I have a bunch of cassettes that I'd eventually like to convert to a digital format. I was wondering if anybody has done this and if you have any recommendations about:

1. Recording software
2. Editing software - to reduce background noise
3. Conversion software


----------



## alwaysreforming (Dec 3, 2004)

I used RealPlayer plus to do exactly what you're describing. It is pretty simple: if I remember correctly, I just went to "Tools" and selected "Record from Mic In," ran a line from my cassette player's headphone jack into my "Line In/Mic In" on the computer, and pressed "Play" on my tape player, and "Record" on RealPlayer, and that was it!

I can't remember if it records DIRECTLY into Mp3 format, but if it doesn't, its a simple conversion afterwards.

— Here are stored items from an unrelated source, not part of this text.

(* Let $v=4\lambda+3$ be a prime, let $p$ be any prime divisor of $\lambda+1$, and let $t=\mathrm{ord}_v(p)$. Then the Paley design $\mathrm{Paley}(v)$ is additive under $\mathbb{Z}_p^t$.
   Context: For a prime $v=4\lambda+3$, the set of nonzero squares of $\mathbb{F}_v$ is a $(4\lambda+3,2\lambda+1,\lambda)$ difference set in $\mathbb{Z}_v$; $\mathrm{Paley}(v)$ is the associated symmetric design with point set $\mathbb{Z}_v$ and blocks all translates $\{s+i : s \text{ a nonzero square}\}$, $i\in\mathbb{Z}_v$. $\mathrm{ord}_v(p)$ is the multiplicative order of $p$ modulo $v$. A design $(V,\mathscr B)$ is additive under an abelian group $G$ if there is an injective map $f:V\to G$ such that $\sum_{x\in B}f(x)=0$ for every block $B\in\mathscr B$. *)

theory Defs
  imports "HOL-Number_Theory.Number_Theory" "HOL-Algebra.Product_Groups" "HOL-Algebra.Elementary_Groups"
begin

definition nonzero_squares :: "nat \<Rightarrow> int set" where
  "nonzero_squares v = {s \<in> {1..<int v}. QuadRes (int v) s}"

definition paley_points :: "nat \<Rightarrow> int set" where
  "paley_points v = {0..<int v}"

definition paley_blocks :: "nat \<Rightarrow> int set set" where
  "paley_blocks v = {(\<lambda>s. (s + i) mod int v) ` nonzero_squares v | i. i \<in> {0..<int v}}"

text \<open>A design (V, B) is additive under the abelian group G (written multiplicatively,
  as in HOL-Algebra): an injective map f : V \<rightarrow> G whose values sum to the identity on every block.\<close>
definition additive_under :: "('g, 'm) monoid_scheme \<Rightarrow> 'a set \<Rightarrow> 'a set set \<Rightarrow> bool" where
  "additive_under G V Bs \<longleftrightarrow>
     (\<exists>f. f \<in> V \<rightarrow> carrier G \<and> inj_on f V \<and> (\<forall>B\<in>Bs. finprod G f B = \<one>\<^bsub>G\<^esub>))"

definition Zp_power :: "nat \<Rightarrow> nat \<Rightarrow> (nat \<Rightarrow> int) monoid" where
  "Zp_power p t = product_group {..<t} (\<lambda>_. integer_mod_group p)"

end

theory Submission
  imports Defs "HOL-Computational_Algebra.Polynomial" "HOL-Algebra.Algebraic_Closure"
begin

hide_const (open) Divisibility.prime

text \<open>
  Work in the algebraic closure of the field with \<open>p\<close> elements and let \<open>\<omega>\<close> be a nontrivial
  \<open>v\<close>-th root of unity there. Write \<open>Q(x)\<close> and \<open>N(x)\<close> for the sums of \<open>x^s\<close> over the
  quadratic residues and non-residues \<open>s\<close> mod \<open>v\<close>. Substituting \<open>b = m a\<close> in \<open>Q N\<close> and counting
  the pairs of consecutive residue classes gives \<open>Q(\<omega>) N(\<omega>) = (\<lambda> + 1) + \<lambda> (1 + \<omega> + \<dots> + \<omega>^(v-1))\<close>,
  which vanishes because \<open>p\<close> divides \<open>\<lambda> + 1\<close>. As \<open>-1\<close> is a non-residue, \<open>N(\<omega>) = Q(\<omega>\<inverse>)\<close>, so after
  possibly inverting \<open>\<omega>\<close> we get \<open>Q(\<omega>) = 0\<close>, and every block, a translate of the residues, sums to
  \<open>\<omega>^i Q(\<omega>) = 0\<close> under \<open>x \<mapsto> \<omega>^x\<close>.

  Since \<open>p^t \<equiv> 1 (mod v)\<close>, the Frobenius power \<open>y \<mapsto> y^(p^t)\<close> fixes every integer polynomial in \<open>\<omega>\<close>, so
  these form an additive group of at most \<open>p^t\<close> elements: the powers \<open>1, \<omega>, \<dots>, \<omega>^(d-1)\<close>
  independent over the prime field satisfy \<open>d \<le> t\<close> and span all of them. Coordinates in this
  basis are an injective additive map into \<open>Z_p^t\<close>, and \<open>x \<mapsto> coordinates of \<omega>^x\<close> is the required
  labelling.
\<close>

section \<open>Evaluating integer polynomials in a ring\<close>

definition int_embed :: "('a, 'b) ring_scheme \<Rightarrow> int \<Rightarrow> 'a" where
  "int_embed R a = add_pow R a \<one>\<^bsub>R\<^esub>"
lemma feas_relaxed_point_mass:
  assumes m: "m \<in> {1..M}" and c_m: "col_sum K A m > 0" and "b \<ge> 0"
  shows "\<exists>w\<in>feas_relaxed K M A b. objective K M A w = real m * b"
proof
  let ?w = "\<lambda>y. if y = m then b / col_sum K A m else 0"
  show "?w \<in> feas_relaxed K M A b"
    using assms unfolding feas_relaxed_def nonneg_vec_def sum_mat_vec_eq_col_sum
    by (auto simp: if_distrib cong: if_cong)
  show "objective K M A ?w = real m * b"
    using m c_m unfolding objective_eq_col_sum by (simp add: if_distrib cong: if_cong)
qed

lemma feas_exact_l1_distance_le:
  assumes A_nonneg: "\<forall>k\<in>{1..K}. \<forall>y\<in>{1..M}. A k y \<ge> 0"
    and col_pos: "\<forall>y\<in>{1..M}. col_sum K A y > 0"
    and b_def: "b = (\<Sum>k=1..K. \<beta> k)" and b_pos: "b > 0"
    and m: "m \<in> {1..M}" and w: "w \<in> feas_exact K M A \<beta>"
  shows "b * (\<Sum>k=1..K. \<bar>\<beta> k / b - A k m / col_sum K A m\<bar>)
           \<le> 2 * (\<Sum>y\<in>{1..M} - {m}. col_sum K A y * w y)"
proof -
  have w_rel: "w \<in> feas_relaxed K M A b"
    using feas_exact_subset_relaxed[OF b_def] w by blast
  have "\<forall>k\<in>{1..K}. \<beta> k = mat_vec M A w k"
    using w unfolding feas_exact_def by auto
  then have "b * (\<Sum>k=1..K. \<bar>\<beta> k / b - A k m / col_sum K A m\<bar>)
               = (\<Sum>k=1..K. \<bar>mat_vec M A w k - b * A k m / col_sum K A m\<bar>)"
    using b_pos by (simp add: mult_sum_abs_diff_div)
  also have "\<dots> \<le> 2 * (\<Sum>y\<in>{1..M} - {m}. col_sum K A y * w y)"
    using sum_abs_mat_vec_minus_column_le[OF A_nonneg feas_relaxed_nonneg[OF w_rel] m] m col_pos
    unfolding feas_relaxed_mass[OF w_rel] by auto
  finally show ?thesis .
qed

lemma objective_le_of_feas_exact:
  assumes A_nonneg: "\<forall>k\<in>{1..K}. \<forall>y\<in>{1..M}. A k y \<ge> 0"
    and col_pos: "\<forall>y\<in>{1..M}. col_sum K A y > 0"
    and b_def: "b = (\<Sum>k=1..K. \<beta> k)" and b_pos: "b > 0"
    and "M \<ge> 1" and w: "w \<in> feas_exact K M A \<beta>"
  shows "objective K M A w \<le> real M * b - b / 2 * (\<Sum>k=1..K. \<bar>\<beta> k / b - A k M / col_sum K A M\<bar>)"
proof -
  have w_rel: "w \<in> feas_relaxed K M A b"
    using feas_exact_subset_relaxed[OF b_def] w by blast
  have "\<forall>y\<in>{1..M}. col_sum K A y * w y \<ge> 0"
    using col_pos feas_relaxed_nonneg[OF w_rel] by (simp add: less_imp_le)
  from index_weighted_sum_le[OF this]
    and feas_exact_l1_distance_le[OF A_nonneg col_pos b_def b_pos _ w, of M] \<open>M \<ge> 1\<close>
  show ?thesis
    unfolding objective_eq_col_sum feas_relaxed_mass[OF w_rel] by auto
qed

lemma objective_ge_of_feas_exact:
  assumes A_nonneg: "\<forall>k\<in>{1..K}. \<forall>y\<in>{1..M}. A k y \<ge> 0"
    and col_pos: "\<forall>y\<in>{1..M}. col_sum K A y > 0"
    and b_def: "b = (\<Sum>k=1..K. \<beta> k)" and b_pos: "b > 0"
    and "M \<ge> 1" and w: "w \<in> feas_exact K M A \<beta>"
  shows "objective K M A w \<ge> b + b / 2 * (\<Sum>k=1..K. \<bar>\<beta> k / b - A k 1 / col_sum K A 1\<bar>)"
proof -
  have w_rel: "w \<in> feas_relaxed K M A b"
    using feas_exact_subset_relaxed[OF b_def] w by blast
  have "\<forall>y\<in>{1..M}. col_sum K A y * w y \<ge> 0"
    using col_pos feas_relaxed_nonneg[OF w_rel] by (simp add: less_imp_le)
  from index_weighted_sum_ge[OF this]
    and feas_exact_l1_distance_le[OF A_nonneg col_pos b_def b_pos _ w, of 1] \<open>M \<ge> 1\<close>
  show ?thesis
    unfolding objective_eq_col_sum feas_relaxed_mass[OF w_rel] by auto
qed
(* Let $G$ be a locally compact group and $K$ a compact subgroup with normalized Haar measure $\lambda_K$. Put $L_{K0}=\{\mu\in L^1(G/K):\ \lambda_K\star\mu=0\}$. If $L_{K0}$ is finite dimensional, then either $K$ is normal in $G$ or $G/K$ is finite.
   Context: $M(G)$ denotes the measure algebra of $G$ with ordinary convolution $\star$ and $L^1(G)$ the group algebra (absolutely continuous measures with respect to Haar measure). $L^1(G/K)$ is identified with $L^1(G)\star\lambda_K\subseteq M(G)$ (right $K$-invariant elements), and $M(G/K)$ with $M(G)\star\lambda_K$. *)

theory Defs
  imports "HOL-Analysis.Analysis"
begin

text \<open>Groups are written additively (type class group_add, not necessarily
commutative). A left Haar measure of a closed subgroup S (Radon, as a Borel
measure on the ambient group, concentrated on S, invariant under left
translations by elements of S).\<close>

definition left_haar_on :: "'g::{topological_group_add} set \<Rightarrow> 'g measure \<Rightarrow> bool" where
  "left_haar_on S M \<longleftrightarrow>
     sets M = sets borel \<and>
     emeasure M (- S) = 0 \<and>
     (\<forall>x\<in>S. \<forall>A\<in>sets borel. emeasure M ((\<lambda>y. x + y) ` A) = emeasure M A) \<and>
     (\<forall>C. compact C \<longrightarrow> emeasure M C < \<infinity>) \<and>
     (\<forall>U. open U \<and> U \<inter> S \<noteq> {} \<longrightarrow> emeasure M U > 0) \<and>
     (\<forall>A\<in>sets borel. emeasure M A = (INF U\<in>{U. open U \<and> A \<subseteq> U}. emeasure M U)) \<and>
     (\<forall>U. open U \<longrightarrow> emeasure M U = (SUP C\<in>{C. compact C \<and> C \<subseteq> U}. emeasure M C))"

definition subgroup_of :: "'g::group_add set \<Rightarrow> bool" where
  "subgroup_of K \<longleftrightarrow> 0 \<in> K \<and> (\<forall>a\<in>K. \<forall>b\<in>K. a + b \<in> K) \<and> (\<forall>a\<in>K. - a \<in> K)"

text \<open>Density (w.r.t. Haar measure of G) of the convolution lambda_K * (f dx):
  (lambda_K * f)(y) = integral over K of f(-k + y) d lambda_K(k).\<close>
definition conv_left :: "'g::group_add measure \<Rightarrow> ('g \<Rightarrow> complex) \<Rightarrow> 'g \<Rightarrow> complex" where
  "conv_left lK f = (\<lambda>y. \<integral>k. f (- k + y) \<partial>lK)"

text \<open>Density of the convolution (f dx) * lambda_K:
  (f * lambda_K)(y) = integral over K of f(y - k) d lambda_K(k)
  (the modular function is 1 on the compact group K).\<close>
definition conv_right :: "('g::group_add \<Rightarrow> complex) \<Rightarrow> 'g measure \<Rightarrow> 'g \<Rightarrow> complex" where
  "conv_right f lK = (\<lambda>y. \<integral>k. f (y - k) \<partial>lK)"

text \<open>L^1(G/K) = L^1(G) * lambda_K, represented by densities.\<close>
definition L1_quot :: "'g::group_add measure \<Rightarrow> 'g measure \<Rightarrow> ('g \<Rightarrow> complex) set" where
  "L1_quot hG lK = {conv_right f lK | f. integrable hG f}"

definition L_K0 :: "'g::group_add measure \<Rightarrow> 'g measure \<Rightarrow> ('g \<Rightarrow> complex) set" where
  "L_K0 hG lK = {h \<in> L1_quot hG lK. AE y in hG. conv_left lK h y = 0}"

text \<open>A set V of L^1 functions spans a finite dimensional (complex) subspace of
L^1(G) (elements identified when equal a.e.).\<close>
definition fin_dim_L1 :: "'g measure \<Rightarrow> ('g \<Rightarrow> complex) set \<Rightarrow> bool" where
  "fin_dim_L1 hG V \<longleftrightarrow> (\<exists>F. finite F \<and> F \<subseteq> V \<and>
     (\<forall>h\<in>V. \<exists>c. AE y in hG. h y = (\<Sum>g\<in>F. c g * g y)))"

end

theory Submission
  imports Defs
begin

text \<open>
  Suppose that \<open>K\<close> is not normal and that \<open>G/K\<close> is infinite. Then for every \<open>n\<close> there are
  \<open>n\<close> distinct cosets \<open>y\<^sub>i K\<close> and elements \<open>k\<^sub>i \<in> K\<close> such that no coset \<open>k\<^sub>i y\<^sub>i K\<close> is
  among them: otherwise every \<open>K\<close>-orbit on \<open>G/K\<close> is finite and only finitely many orbits are
  non-trivial, which forces \<open>G/K\<close> to be finite. Local compactness provides open right
  \<open>K\<close>-saturated neighbourhoods \<open>A\<^sub>i\<close> of \<open>y\<^sub>i K\<close> inside pairwise disjoint compact sets \<open>C\<^sub>i\<close>
  that avoid every \<open>k\<^sub>j y\<^sub>j K\<close>. The functions \<open>h\<^sub>i = 1\<^sub>A\<^sub>i - \<lambda>\<^sub>K \<star> 1\<^sub>A\<^sub>i\<close> lie in \<open>L\<^sub>K\<^sub>0\<close>,
  and they are linearly independent. Indeed, let \<open>\<Sum> a\<^sub>i h\<^sub>i = 0\<close> almost everywhere with \<open>|a\<^sub>j|\<close>
  maximal, and take a point \<open>x \<in> A\<^sub>j\<close> with \<open>k\<^sub>j x \<notin> \<Union> C\<^sub>i\<close> at which the relation holds.
  There \<open>a\<^sub>j = \<Sum> a\<^sub>i (\<lambda>\<^sub>K \<star> 1\<^sub>A\<^sub>i)(x)\<close>, where \<open>(\<lambda>\<^sub>K \<star> 1\<^sub>A)(x) = \<lambda>\<^sub>K {k. k\<inverse> x \<in> A}\<close>;
  these weights sum to less than \<open>1\<close>, because the open set of all \<open>k\<close> with
  \<open>k\<inverse> x \<notin> \<Union> C\<^sub>i\<close> contains \<open>k\<^sub>j\<inverse>\<close> and so has positive \<open>\<lambda>\<^sub>K\<close>-measure. Hence \<open>a = 0\<close>.
\<close>

definition left_coset :: "'g::plus set \<Rightarrow> 'g \<Rightarrow> 'g set" where
  "left_coset K y = (\<lambda>k. y + k) ` K"
lemma local_dist_antimagic_path_lex:
  fixes m A B :: nat and VH :: "nat set"
  defines "V \<equiv> lex_V (path_V m) VH" and "E \<equiv> lex_E path_E empty_E"
  assumes bij: "bij_betw f V {1..card V}"
    and cols: "\<And>j. j \<in> {1..m} \<Longrightarrow> (\<Sum>b\<in>VH. f (j, b)) = (if odd j then A else B)"
    and AB: "A < B" "B < 2 * A"
  shows "local_dist_antimagic V E f"
  unfolding local_dist_antimagic_def
proof (intro conjI bij ballI impI)
  fix u v assume "u \<in> V" "v \<in> V" "E u v"
  then obtain i a j b where uv: "u = (i, a)" "v = (j, b)" "path_E i j"
    by (cases u, cases v) (auto simp: E_def lex_E_def empty_E_def)
  define d where "d x = card (nbhd (path_V m) path_E x)" for x
  have "i \<in> nbhd (path_V m) path_E j" "j \<in> nbhd (path_V m) path_E i"
    using \<open>u \<in> V\<close> \<open>v \<in> V\<close> uv
    by (auto simp: V_def lex_V_def nbhd_def path_V_def path_E_def)
  then have "d i \<in> {1, 2}" "d j \<in> {1, 2}"
    unfolding d_def using card_nbhd_path[of m i] card_nbhd_path[of m j] by blast+
  moreover have "odd i \<longleftrightarrow> even j" using uv(3) by (auto simp: path_E_def)
  ultimately have "d i * (if odd i then B else A) \<noteq> d j * (if odd j then B else A)"
    using AB by auto
  moreover have "ld_weight V E f (x, c) = d x * (if odd x then B else A)" for x c
    unfolding V_def E_def d_def by (rule ld_weight_path_lex_parity[OF cols])
  ultimately show "ld_weight V E f u \<noteq> ld_weight V E f v"
    unfolding uv by simp
qed

lemma card_ld_weights_path_lex_parity:
  fixes m A B :: nat and VH :: "nat set"
  assumes cols: "\<And>j. j \<in> {1..m} \<Longrightarrow> (\<Sum>b\<in>VH. f (j, b)) = (if odd j then A else B)"
    and "m \<ge> 2"
  shows "card (ld_weight (lex_V (path_V m) VH) (lex_E path_E empty_E) f ` lex_V (path_V m) VH)
           \<le> (if odd m then 3 else 4)"
proof -
  define W where "W = (if odd m then {2 * A, B, 2 * B} else {A, 2 * A, B, 2 * B})"
  have "ld_weight (lex_V (path_V m) VH) (lex_E path_E empty_E) f ` lex_V (path_V m) VH \<subseteq> W"
  proof
    fix w assume "w \<in> ld_weight (lex_V (path_V m) VH) (lex_E path_E empty_E) f ` lex_V (path_V m) VH"
    then obtain i a where i: "i \<in> {1..m}"
      and "w = ld_weight (lex_V (path_V m) VH) (lex_E path_E empty_E) f (i, a)"
      by (auto simp: lex_V_def path_V_def)
    then have w: "w = card (nbhd (path_V m) path_E i) * (if odd i then B else A)"
      by (simp only: ld_weight_path_lex_parity[OF cols])
    have "card (nbhd (path_V m) path_E i) \<in> {1, 2}"
      using card_nbhd_path nbhd_path_nonempty[OF i assms(2)] by blast
    moreover have "card (nbhd (path_V m) path_E i) = 2" if "odd m" "even i"
    proof (rule card_nbhd_path_inner)
      show "1 < i" using i \<open>even i\<close> by (cases "i = 1") auto
      show "i < m" using i that by (cases "i = m") auto
    qed
    ultimately show "w \<in> W" unfolding w W_def by auto
  qed
  then have "card (ld_weight (lex_V (path_V m) VH) (lex_E path_E empty_E) f ` lex_V (path_V m) VH)
      \<le> card W"
    by (rule card_mono[rotated]) (simp add: W_def)
  also have "card W \<le> (if odd m then 3 else 4)"
    unfolding W_def by (auto simp: card_insert_if)
  finally show ?thesis .
qed
lemma symb_times_power_int_tendsto:
  assumes fin: "finite {k. u k \<noteq> 0}"
    and nonzero: "eventually (\<lambda>z. z \<noteq> 0) F"
    and vanish: "\<And>k. u k \<noteq> 0 \<Longrightarrow> k \<noteq> D \<Longrightarrow> ((\<lambda>z::complex. z powi (k - D)) \<longlongrightarrow> 0) F"
  shows "((\<lambda>z. symb u z * z powi (-D)) \<longlongrightarrow> u D) F"
proof -
  let ?S = "{k. u k \<noteq> 0}"
  have "((\<lambda>z. \<Sum>k\<in>?S. u k * z powi (k - D)) \<longlongrightarrow> (\<Sum>k\<in>?S. if k = D then u k else 0)) F"
  proof (rule tendsto_sum)
    fix k assume k: "k \<in> ?S"
    show "((\<lambda>z. u k * z powi (k - D)) \<longlongrightarrow> (if k = D then u k else 0)) F"
    proof (cases "k = D")
      case True
      have "\<forall>\<^sub>F z in F. u k = u k * z powi (k - D)"
        using nonzero True by (auto elim: eventually_mono)
      then show ?thesis using True by (auto intro: tendsto_eventually)
    next
      case False
      then show ?thesis using vanish[of k] k tendsto_mult_right_zero by fastforce
    qed
  qed
  moreover have "(\<Sum>k\<in>?S. if k = D then u k else 0) = u D"
    using fin by (simp add: sum.delta)
  moreover have "\<forall>\<^sub>F z in F. (\<Sum>k\<in>?S. u k * z powi (k - D)) = symb u z * z powi (-D)"
    using nonzero
    by (rule eventually_mono)
       (auto simp: symb_def sum_distrib_right power_int_add[symmetric] intro!: sum.cong)
  ultimately show ?thesis using Lim_transform_eventually by fastforce
qed

lemma symb_tendsto_at_infinity:
  assumes fin: "finite {k. u k \<noteq> 0}" and "u \<noteq> (\<lambda>_. 0)"
  shows "((\<lambda>z. symb u z * z powi (- Max {k. u k \<noteq> 0})) \<longlongrightarrow> u (Max {k. u k \<noteq> 0})) at_infinity"
proof (rule symb_times_power_int_tendsto[OF fin eventually_nonzero_at_infinity])
  fix k assume "u k \<noteq> 0" "k \<noteq> Max {k. u k \<noteq> 0}"
  then have lt: "k - Max {k. u k \<noteq> 0} < 0" using Max_ge[OF fin, of k] by auto
  have "((\<lambda>z::complex. inverse z ^ nat (- (k - Max {k. u k \<noteq> 0}))) \<longlongrightarrow> 0) at_infinity"
    using lt tendsto_power[OF tendsto_inverse_0, of "nat (- (k - Max {k. u k \<noteq> 0}))"]
    by (simp add: power_0_left)
  then show "((\<lambda>z::complex. z powi (k - Max {k. u k \<noteq> 0})) \<longlongrightarrow> 0) at_infinity"
    using lt by (simp add: power_int_def)
qed

lemma symb_tendsto_at_0:
  assumes fin: "finite {k. u k \<noteq> 0}" and "u \<noteq> (\<lambda>_. 0)"
  shows "((\<lambda>z. symb u z * z powi (- Min {k. u k \<noteq> 0})) \<longlongrightarrow> u (Min {k. u k \<noteq> 0})) (at 0)"
proof (rule symb_times_power_int_tendsto[OF fin])
  show "\<forall>\<^sub>F z in at 0. z \<noteq> (0::complex)" by (simp add: eventually_at_filter)
  fix k assume "u k \<noteq> 0" "k \<noteq> Min {k. u k \<noteq> 0}"
  then have gt: "k - Min {k. u k \<noteq> 0} > 0" using Min_le[OF fin, of k] by auto
  have "((\<lambda>z::complex. z ^ nat (k - Min {k. u k \<noteq> 0})) \<longlongrightarrow> 0) (at 0)"
    using gt tendsto_power[OF tendsto_ident_at[of "0::complex" UNIV], of "nat (k - Min {k. u k \<noteq> 0})"]
    by (simp add: power_0_left)
  then show "((\<lambda>z::complex. z powi (k - Min {k. u k \<noteq> 0})) \<longlongrightarrow> 0) (at 0)"
    using gt by (simp add: power_int_def)
qed

lemma power_int_neg_uminus_mult:
  fixes z :: complex
  assumes "z \<noteq> 0"
  shows "z powi (-D) * (-z) powi (-D) * (-1) powi D = (z^2) powi (-D)"
proof -
  have "(-z) powi (-D) = (-1) powi (-D) * z powi (-D)"
    using power_int_mult_distrib[of "-1" z "-D"] by simp
  moreover have "(-1::complex) powi (-D) * (-1) powi D = 1"
    by (simp add: power_int_minus)
  moreover have "(z^2) powi (-D) = z powi (-D) * z powi (-D)"
    using power_int_mult_distrib[of z z "-D"] by (simp add: power2_eq_square)
  ultimately show ?thesis by (simp add: algebra_simps)
qed

text \<open>If \<open>\<Theta>(z) \<sim> c z\<^sup>D\<close> along a filter invariant under \<open>z \<mapsto> -z\<close> and \<open>z \<mapsto> z\<^sup>2\<close>, then
  \<open>G = \<Theta>(z) \<Theta>(-z) / \<Theta>(z\<^sup>2) \<sim> c\<^sup>2 (-1)\<^sup>D z\<^sup>2\<^sup>D / (c z\<^sup>2\<^sup>D)\<close> tends to \<open>c (-1)\<^sup>D\<close>.\<close>
lemma tendsto_of_symb_doubling_identity:
  assumes lim: "((\<lambda>z. symb \<Theta> z * z powi (-D)) \<longlongrightarrow> c) F" and c: "c \<noteq> 0"
    and um: "filterlim uminus F F" and sq: "filterlim (\<lambda>z::complex. z^2) F F"
    and nonzero: "eventually (\<lambda>z. z \<noteq> 0) F"
    and idt: "\<And>z. z \<noteq> 0 \<Longrightarrow> symb \<Theta> z * symb \<Theta> (-z) = symb \<Theta> (z^2) * G z"
  shows "(G \<longlongrightarrow> c * (-1) powi D) F"
proof -
  let ?q = "\<lambda>z. symb \<Theta> z * z powi (-D)"
  have lim_uminus: "((\<lambda>z. ?q (-z)) \<longlongrightarrow> c) F" using filterlim_compose[OF lim um] .
  have lim_square: "((\<lambda>z. ?q (z^2)) \<longlongrightarrow> c) F" using filterlim_compose[OF lim sq] .
  have "((\<lambda>z. ?q z * ?q (-z) / ?q (z^2) * (-1) powi D) \<longlongrightarrow> c * c / c * (-1) powi D) F"
    by (intro tendsto_intros lim lim_uminus lim_square c)
  moreover have "c * c / c * (-1) powi D = c * (-1) powi D" using c by simp
  moreover have "eventually (\<lambda>z. ?q z * ?q (-z) / ?q (z^2) * (-1) powi D = G z) F"
    using nonzero tendsto_imp_eventually_ne[OF lim_square c]
  proof eventually_elim
    case (elim z)
    have "?q z * ?q (-z) / ?q (z^2) * (-1) powi D
        = (symb \<Theta> z * symb \<Theta> (-z)) * (z powi (-D) * (-z) powi (-D) * (-1) powi D) / ?q (z^2)"
      by (simp add: algebra_simps)
    also have "\<dots> = G z"
      using elim idt[OF elim(1)] power_int_neg_uminus_mult[OF elim(1)] by (simp add: field_simps)
    finally show ?case .
  qed
  ultimately show ?thesis using Lim_transform_eventually by fastforce
qed

lemma constant_of_symb_doubling_identity:
  assumes fin: "finite {k. \<Theta> k \<noteq> 0}" and ne: "\<Theta> \<noteq> (\<lambda>_. 0)"
    and idt: "\<And>z. z \<noteq> 0 \<Longrightarrow> symb \<Theta> z * symb \<Theta> (-z) = symb \<Theta> (z^2) * G z"
    and holo: "G holomorphic_on (UNIV - {0})"
  shows "\<exists>c. c \<noteq> 0 \<and> (\<forall>z. z \<noteq> 0 \<longrightarrow> G z = c)"
proof -
  let ?S = "{k. \<Theta> k \<noteq> 0}"
  have "?S \<noteq> {}" using ne by auto
  then have max_ne: "\<Theta> (Max ?S) \<noteq> 0" and min_ne: "\<Theta> (Min ?S) \<noteq> 0"
    using Max_in[OF fin] Min_in[OF fin] by auto
  define c_inf where "c_inf = \<Theta> (Max ?S) * (-1) powi (Max ?S)"
  define c_0 where "c_0 = \<Theta> (Min ?S) * (-1) powi (Min ?S)"
  have lim_inf: "(G \<longlongrightarrow> c_inf) at_infinity"
    unfolding c_inf_def
    by (rule tendsto_of_symb_doubling_identity[OF symb_tendsto_at_infinity[OF fin ne] max_ne
          filterlim_uminus_at_infinity filterlim_square_at_infinity eventually_nonzero_at_infinity idt])
  have lim_0: "(G \<longlongrightarrow> c_0) (at 0)"
    unfolding c_0_def
    by (rule tendsto_of_symb_doubling_identity[OF symb_tendsto_at_0[OF fin ne] min_ne
          filterlim_uminus_at_0 filterlim_square_at_0 _ idt]) (simp add: eventually_at_filter)
  define g where "g = (\<lambda>z. if z = 0 then c_0 else G z)"
  have "g holomorphic_on UNIV"
    unfolding g_def by (rule removable_singularity[OF holo open_UNIV lim_0])
  moreover have "(g \<longlongrightarrow> c_inf) at_infinity"
    using lim_inf eventually_nonzero_at_infinity
    by (rule Lim_transform_eventually[OF _ eventually_mono]) (simp add: g_def)
  ultimately have "g z = c_inf" for z using Liouville_weak by blast
  moreover have "c_inf \<noteq> 0" unfolding c_inf_def using max_ne by simp
  ultimately show ?thesis unfolding g_def by metis
qed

I used mine to archive a bunch of "White Horse Inn" broadcast tapes that I borrowed from RTS Orlando's library.


----------



## blhowes (Dec 3, 2004)

> _Originally posted by Christopher_
> I used RealPlayer plus to do exactly what you're describing. It is pretty simple: if I remember correctly, I just went to "Tools" and selected "Record from Mic In," ran a line from my cassette player's headphone jack into my "Line In/Mic In" on the computer, and pressed "Play" on my tape player, and "Record" on RealPlayer, and that was it!
> 
> I can't remember if it records DIRECTLY into Mp3 format, but if it doesn't, its a simple conversion afterwards.
> ...


Thanks. I'll see if I can get a copy.


----------



## blhowes (Dec 3, 2004)




----------



## alwaysreforming (Dec 3, 2004)

Bob,
You don't need anything from the outside. All you do is download the RealPlayer Plus off the internet. The basic version is free, but to upgrade to "Plus" it'll cost ya $20.


----------



## blhowes (Dec 3, 2004)

> _Originally posted by alwaysreforming_
> Bob,
> You don't need anything from the outside. All you do is download the RealPlayer Plus off the internet. The basic version is free, but to upgrade to "Plus" it'll cost ya $20.



Yeah, I have the basic version on my work and home computers, but never knew the capabilities of the plus version. $20 sounds like a bargain.


----------



## fredtgreco (Dec 3, 2004)

Bob,

You can also record using Window default Recorder. I use a great little program called FairStars Audio Recorder, which also allows you to record audio from your computer with any microphone (you can probably get one for $5 or less from a store). It is $25 and records in MP3, WAV, WMA and other formats.
http://www.fairstars.com/recorder/


----------